lemma dominates_hcomp:
  assumes lc: "locally_compact_space X"
    and comp: "T2_preorder_compactification X le Y leY c"
    and ext: "\<forall>h\<in>H. extends_cont_iso X Y leY c h"
  shows "dominates X Y leY c (hcomp_top X H) (hcomp_le H) (hcomp_map X H)"
proof -
  have hY: "Hausdorff_space Y" and emb: "embedding_map X Y c"
    and dense: "Y closure_of (c ` topspace X) = topspace Y"
    using comp by (simp_all add: T2_preorder_compactification_def preorder_embedding_def)
  have "\<forall>g\<in>H \<union> const_out_compact X. \<exists>e. continuous_map Y (top_of_set {0..1}) e
          \<and> (g \<in> H \<longrightarrow> monotone_on (topspace Y) leY (\<le>) e) \<and> (\<forall>x\<in>topspace X. e (c x) = g x)"
  proof
    fix g assume g: "g \<in> H \<union> const_out_compact X"
    show "\<exists>e. continuous_map Y (top_of_set {0..1}) e
          \<and> (g \<in> H \<longrightarrow> monotone_on (topspace Y) leY (\<le>) e) \<and> (\<forall>x\<in>topspace X. e (c x) = g x)"
    proof (cases "g \<in> H")
      case True
      then show ?thesis using ext unfolding extends_cont_iso_def by blast
    next
      case False
      then obtain e where "continuous_map Y (top_of_set {0..1}) e" "\<forall>x\<in>topspace X. e (c x) = g x"
        using g const_out_compact_extension[OF lc hY emb dense] by blast
      then show ?thesis using False by blast
    qed
  qed
  then obtain F where F: "\<forall>g\<in>H \<union> const_out_compact X. continuous_map Y (top_of_set {0..1}) (F g)
          \<and> (g \<in> H \<longrightarrow> monotone_on (topspace Y) leY (\<le>) (F g)) \<and> (\<forall>x\<in>topspace X. F g (c x) = g x)"
    by (auto dest: bchoice)
  have F_cont: "\<And>g. g \<in> H \<union> const_out_compact X \<Longrightarrow> continuous_map Y (top_of_set {0..1}) (F g)"
    and F_mono: "\<And>h. h \<in> H \<Longrightarrow> monotone_on (topspace Y) leY (\<le>) (F h)"
    and F_ext: "\<And>g x. \<lbrakk>g \<in> H \<union> const_out_compact X; x \<in> topspace X\<rbrakk> \<Longrightarrow> F g (c x) = g x"
    using F by auto
  define C where "C y = (\<lambda>g\<in>H \<union> const_out_compact X. F g y)" for y
  have "continuous_map Y (hcomp_top X H) C"
    unfolding C_def[abs_def] using dense F_cont F_ext by (rule continuous_map_hcomp_top_of_extensions)
  moreover have "monotone_on (topspace Y) leY (hcomp_le H) C"
    using F_mono by (auto simp: monotone_on_def hcomp_le_def C_def)
  moreover have "C (c x) = hcomp_map X H x" if "x \<in> topspace X" for x
    unfolding C_def hcomp_map_def using F_ext that by (intro restrict_ext) simp
  ultimately show ?thesis
    unfolding dominates_def by blast
qed

lemma T2_preordered_pointwise_le:
  assumes "\<And>i. i \<in> I \<Longrightarrow> continuous_map Y euclideanreal (f i)"
  shows "T2_preordered Y (\<lambda>p q. \<forall>i\<in>I. f i p \<le> f i q)"
  unfolding T2_preordered_def
proof
  show "preorder_on_space Y (\<lambda>p q. \<forall>i\<in>I. f i p \<le> f i q)"
    unfolding preorder_on_space_def by (meson order_trans order_refl)
  let ?P = "prod_topology Y Y"
  define G where "G i = {z \<in> topspace ?P. f i (snd z) - f i (fst z) \<in> {0..}}" for i
  have "closedin ?P (G i)" if "i \<in> I" for i
    unfolding G_def
  proof (rule closedin_continuous_map_preimage)
    show "continuous_map ?P euclideanreal (\<lambda>z. f i (snd z) - f i (fst z))"
      using continuous_map_compose[OF continuous_map_fst assms[OF that]]
        continuous_map_compose[OF continuous_map_snd assms[OF that]]
      by (intro continuous_map_diff) (simp_all add: o_def)
  qed simp
  then have "closedin ?P (\<Inter> (insert (topspace ?P) (G ` I)))"
    using closedin_topspace[of ?P] by (intro closedin_Inter) auto
  moreover have "pgraph Y (\<lambda>p q. \<forall>i\<in>I. f i p \<le> f i q) = \<Inter> (insert (topspace ?P) (G ` I))"
    by (auto simp: pgraph_def G_def)
  ultimately show "closedin ?P (pgraph Y (\<lambda>p q. \<forall>i\<in>I. f i p \<le> f i q))"
    by simp
qed

lemma continuous_map_hcomp_top_eval:
  assumes "h \<in> H"
  shows "continuous_map (hcomp_top X H) (top_of_set {0..1}) (\<lambda>p. p h)"
  unfolding hcomp_top_def hcube_def
  by (rule continuous_map_from_subtopology, rule continuous_map_product_projection) (use assms in blast)

lemma compact_space_hcomp_top: "compact_space (hcomp_top X H)"
  unfolding hcomp_top_def
proof (rule compact_space_subtopology, rule closedin_compact_space)
  show "compact_space (hcube X H)"
    by (simp add: hcube_def compact_space_product_topology compact_space_subtopology)
qed simp

lemma Hausdorff_space_hcomp_top: "Hausdorff_space (hcomp_top X H)"
  by (simp add: hcomp_top_def hcube_def Hausdorff_space_subtopology Hausdorff_space_product_topology)

lemma T2_preordered_hcomp_le: "T2_preordered (hcomp_top X H) (hcomp_le H)"
proof -
  have "T2_preordered (hcomp_top X H) (\<lambda>p q. \<forall>h\<in>H. p h \<le> q h)"
    using T2_preordered_pointwise_le[of H "hcomp_top X H" "\<lambda>h p. p h"]
      continuous_map_hcomp_top_eval continuous_map_into_fulltopology by blast
  then show ?thesis by (simp add: hcomp_le_def[abs_def])
qed

lemma T2_preorder_compactification_hcomp:
  assumes "locally_compact_space X" "completely_regular_space X" "Hausdorff_space X"
    and "\<And>h. h \<in> H \<Longrightarrow> continuous_map X (top_of_set {0..1}) h"
    and le_iff: "\<forall>x\<in>topspace X. \<forall>y\<in>topspace X. le x y \<longleftrightarrow> (\<forall>h\<in>H. h x \<le> h y)"
  shows "T2_preorder_compactification X le (hcomp_top X H) (hcomp_le H) (hcomp_map X H)"
proof -
  define cl where "cl = hcube X H closure_of (hcomp_map X H ` topspace X)"
  have emb: "embedding_map X (hcube X H) (hcomp_map X H)"
    using embedding_map_hcomp_map assms(1-4) by blast
  have "hcomp_map X H ` topspace X \<subseteq> cl"
    using continuous_map_image_subset_topspace[OF embedding_map_imp_continuous_map[OF emb]]
    unfolding cl_def by (rule closure_of_subset)
  moreover have "cl \<subseteq> topspace (hcube X H)"
    unfolding cl_def by (rule closure_of_subset_topspace)
  ultimately have "embedding_map X (hcomp_top X H) (hcomp_map X H)"
    and "hcomp_top X H closure_of (hcomp_map X H ` topspace X) = topspace (hcomp_top X H)"
    using emb by (simp_all add: hcomp_top_def cl_def[symmetric] embedding_map_in_subtopology
        closure_of_subtopology Int_absorb1)
  moreover have "le x y \<longleftrightarrow> hcomp_le H (hcomp_map X H x) (hcomp_map X H y)"
    if "x \<in> topspace X" "y \<in> topspace X" for x y
    using le_iff that by (simp add: hcomp_le_def hcomp_map_def)
  ultimately show ?thesis
    unfolding T2_preorder_compactification_def preorder_embedding_def
    using compact_space_hcomp_top Hausdorff_space_hcomp_top T2_preordered_hcomp_le by blast
qed

lemma extends_cont_iso_hcomp:
  assumes "h \<in> H"
  shows "extends_cont_iso X (hcomp_top X H) (hcomp_le H) (hcomp_map X H) h"
  unfolding extends_cont_iso_def
proof (intro exI conjI)
  show "continuous_map (hcomp_top X H) (top_of_set {0..1}) (\<lambda>p. p h)"
    using assms by (rule continuous_map_hcomp_top_eval)
  show "monotone_on (topspace (hcomp_top X H)) (hcomp_le H) (\<le>) (\<lambda>p. p h)"
    using assms by (auto simp: monotone_on_def hcomp_le_def)
  show "\<forall>x\<in>topspace X. hcomp_map X H x h = h x"
    using assms by (simp add: hcomp_map_def)
qed

theorem mainTheorem16:
  fixes X :: "'a topology" and le :: "'a \<Rightarrow> 'a \<Rightarrow> bool" and H :: "('a \<Rightarrow> real) set"
  assumes "locally_compact_space X"
    and "completely_regular_space X" and "Hausdorff_space X"
    and "T2_preordered X le"
    and "\<forall>x\<in>topspace X. \<forall>y\<in>topspace X. le x y \<longleftrightarrow> (\<forall>f\<in>cont_iso_fns X le. f x \<le> f y)"
    and "H \<subseteq> cont_iso_fns X le"
    and "\<forall>x\<in>topspace X. \<forall>y\<in>topspace X. le x y \<longleftrightarrow> (\<forall>h\<in>H. h x \<le> h y)"
  shows "T2_preorder_compactification X le (hcomp_top X H) (hcomp_le H) (hcomp_map X H)
       \<and> (\<forall>h\<in>H. extends_cont_iso X (hcomp_top X H) (hcomp_le H) (hcomp_map X H) h)
       \<and> (\<forall>(Y :: 'b topology) leY c'.
            T2_preorder_compactification X le Y leY c' \<and>
            (\<forall>h\<in>H. extends_cont_iso X Y leY c' h)
            \<longrightarrow> dominates X Y leY c' (hcomp_top X H) (hcomp_le H) (hcomp_map X H))"
proof (intro conjI ballI allI impI)
  have "\<And>h. h \<in> H \<Longrightarrow> continuous_map X (top_of_set {0..1}) h"
    using assms(6) by (auto simp: cont_iso_fns_def)
  then show "T2_preorder_compactification X le (hcomp_top X H) (hcomp_le H) (hcomp_map X H)"
    using T2_preorder_compactification_hcomp assms(1-3,7) by blast
next
  show "extends_cont_iso X (hcomp_top X H) (hcomp_le H) (hcomp_map X H) h" if "h \<in> H" for h
    using that by (rule extends_cont_iso_hcomp)
next
  fix Y :: "'b topology" and leY c'
  assume "T2_preorder_compactification X le Y leY c' \<and> (\<forall>h\<in>H. extends_cont_iso X Y leY c' h)"
  then show "dominates X Y leY c' (hcomp_top X H) (hcomp_le H) (hcomp_map X H)"
    using dominates_hcomp[OF assms(1)] by blast
qed

end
========================================================================
**What you are asked to do**
Please copy only the lines between the first line of the entries and the line with "const_out_compact X. \<exists>e.", keeping those two end lines as well, exactly as written.

**Result below**
lemma dominates_hcomp:
  assumes lc: "locally_compact_space X"
    and comp: "T2_preorder_compactification X le Y leY c"
    and ext: "\<forall>h\<in>H. extends_cont_iso X Y leY c h"
  shows "dominates X Y leY c (hcomp_top X H) (hcomp_le H) (hcomp_map X H)"
proof -
  have hY: "Hausdorff_space Y" and emb: "embedding_map X Y c"
    and dense: "Y closure_of (c ` topspace X) = topspace Y"
    using comp by (simp_all add: T2_preorder_compactification_def preorder_embedding_def)
  have "\<forall>g\<in>H \<union> const_out_compact X. \<exists>e. continuous_map Y (top_of_set {0..1}) e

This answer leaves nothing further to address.